Your account's Equity/Balance must not hit or fall below the maximum drawdown limit shown on your dashboard at any time. Violating this rule will result in a breach of your account.

✅ Example 1: After a Profitable Day

  • Highest Balance: $10,150 ($150 profit)

  • Trailing Drawdown Limit: 4% of $10,000

  • Trailing Maximum Loss Allowed : $400

  • Trailing Drawdown Threshold: $9,750

If your balance/equity drops to $9,750 or below at any time, you breach the daily drawdown rule.

❌ Example 2: After a Losing Day

  • Current Balance: $10,100 ($50 lost from previous $10,150)

  • Highest Balance achieved till now: $10,150

  • Trailing Drawdown Limit: 4% of 10,000

  • Trailing Loss Allowed: $400

  • Trailing Drawdown Threshold: $9,750 (tracks from the highest balance achieved till now)

If your balance/equity hits $9,750 or lower during the day, the account is in violation.

Therefore, the maximum drawdown limit will keep on trailing according to your highest balance achieved, will never move down.

The maximum drawdown limit will be reset only after a successful payout.


3️⃣ Trailing Capped Drawdown Explained (only for Instant funding Prime)

  • The maximum daily drawdown starts at 6% of the initial account balance.

  • As your account equity grows, the drawdown trails upward by the same amount your equity increases.

  • However, the trailing will stop once it reaches 97% of the initial starting balance.

  • After this point, the drawdown is fixed and no longer moves, even if you continue to grow the account or withdraw profits.

👉 Think of it as:

  • Flexible at first (drawdown moves up as you profit).

  • Capped later (once it hits 97% of the starting balance, it stays fixed).

📘 Example 1: $10,000 Account

  • Starting Balance: $10,000

  • Initial Drawdown (6%): $600

  • Initial Maximum Drawdown Figure: $10,000 – $600 = $9,400

Case 1:

The trader makes a 2% profit ($200).

  • New Equity: $10,200

  • Drawdown trails up by $200 (same as profit).

  • New Drawdown Limit: $9,400 + $200 = $9,600

Case 2:

The trader reaches a 3% profit ($300).

  • New Equity: $10,300

  • Drawdown trails up by $300.

  • New Drawdown Limit: $9,400 + $300 = $9,700

✅ Once the drawdown reaches 97% of the starting balance ($9,700), it stops trailing.

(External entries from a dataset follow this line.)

(* Let $\mu, t \in \mathbb{R}$, $\sigma>0$, $\lambda>0$ with $\lambda \ge (\mu-t)_-$. Let $\mathcal{L}_{\lambda}(\mu,\sigma)$ be the set of all probability distributions $F$ on $\mathbb{R}$ such that, for $X\sim F$, $\mathbb{E}^F[X]=\mu$, $\mathbb{E}^F[X^2]=\mu^2+\sigma^2$, and $\mathbb{E}^F[(X-t)_-]\le \lambda$. Then \[ \sup_{F \in \mathcal{L}_{\lambda}(\mu, \sigma)} \mathbb{E}^{F}[(X-t)^2_+] = \begin{cases} \sigma^2 + (\mu-t)_+^2, & \lambda > (\mu-t)_-, \\ 0, & \lambda=(\mu-t)_-. \end{cases} \]
   Context: For $x\in\mathbb{R}$, $(x)_+=\max\{x,0\}$ and $(x)_-=\max\{-x,0\}$. $\mathbb{E}^F$ denotes expectation when $X$ has distribution $F$. *)

theory Defs
  imports "HOL-Probability.Probability"
begin

definition pos_part :: "real \<Rightarrow> real" where
  "pos_part x = max x 0"

definition neg_part :: "real \<Rightarrow> real" where
  "neg_part x = max (- x) 0"

definition Lclass :: "real \<Rightarrow> real \<Rightarrow> real \<Rightarrow> real \<Rightarrow> real measure set" where
  "Lclass lam mu sig t =
     {F. prob_space F \<and> sets F = sets borel \<and>
         integrable F (\<lambda>x. x) \<and> integrable F (\<lambda>x. x ^ 2) \<and>
         (\<integral>x. x \<partial>F) = mu \<and>
         (\<integral>x. x ^ 2 \<partial>F) = mu ^ 2 + sig ^ 2 \<and>
         (\<integral>x. neg_part (x - t) \<partial>F) \<le> lam}"

end

theory Submission
  imports Defs
begin

text \<open>Write \<open>f = x - t\<close>. Since \<open>f\<^sub>+\<^sup>2 + f\<^sub>-\<^sup>2 = f\<^sup>2\<close>, every F in the class has
  \<open>E f\<^sub>+\<^sup>2 = (mu - t)\<^sup>2 + sig\<^sup>2 - E f\<^sub>-\<^sup>2\<close>, and
  \<open>E f\<^sub>-\<^sup>2 \<ge> (E f\<^sub>-)\<^sup>2 \<ge> (mu - t)\<^sub>-\<^sup>2\<close>; this is the upper bound. If \<open>lam = (mu - t)\<^sub>- > 0\<close>,
  then \<open>E f\<^sub>- = t - mu\<close> forces \<open>E f\<^sub>+ = 0\<close>, so \<open>f\<^sub>+ = 0\<close> almost surely.
  The bound is approached by the two-point laws with atoms \<open>mu + sig / s\<close> and \<open>mu - sig * s\<close>
  in odds \<open>s\<^sup>2 : 1\<close>: they have mean mu and variance \<open>sig\<^sup>2\<close>, and for small s the upper atom
  lies above t, so \<open>f\<^sub>-\<close> is at most \<open>(mu - t)\<^sub>- + sig * s\<close>. Hence they belong to the class and
  \<open>E f\<^sub>+\<^sup>2 \<ge> (mu - t)\<^sup>2 + sig\<^sup>2 - ((mu - t)\<^sub>- + sig * s)\<^sup>2\<close>. In the boundary case the
  law with \<open>s = sig / (t - mu)\<close> shows that the class is not empty.\<close>

lemma pos_part_nonneg [simp]: "0 \<le> pos_part x"
  and neg_part_nonneg [simp]: "0 \<le> neg_part x"
  and pos_part_minus_neg_part [simp]: "pos_part x - neg_part x = x"
  and pos_part_sq_plus_neg_part_sq [simp]: "(pos_part x)\<^sup>2 + (neg_part x)\<^sup>2 = x\<^sup>2"
  by (auto simp: pos_part_def neg_part_def max_def power2_eq_square)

From here, it stays fixed at $9,700 no matter how much more profit is made.

📘 Example 2: $100,000 Account

  • Starting Balance: $100,000

  • Initial Drawdown (6%): $6,000

  • Initial Maximum Drawdown Figure: $100,000 – $6,000 = $94,000

Case 1:

The trader makes a 2.5% profit ($2,500).

  • New Equity: $102,500

  • Drawdown trails up by $2,500.

  • New Drawdown Limit: $94,000 + $2,500 = $96,500

Case 2:

The trader reaches a 3% profit ($3,000).

  • New Equity: $103,000

  • Drawdown trails up by $3,000.

  • New Drawdown Limit: $94,000 + $3,000 = $97,000

✅ Once the drawdown hits 97% of the starting balance ($97,000), it locks permanently. Even if the account grows to $120,000 or more, the drawdown stays fixed at $97,000.


🔑 Key Takeaway

  • The drawdown follows your profits in the beginning.

  • It caps at 97% of the starting balance.

  • After that, it becomes a fixed safety net, protecting your account while letting profits scale freely.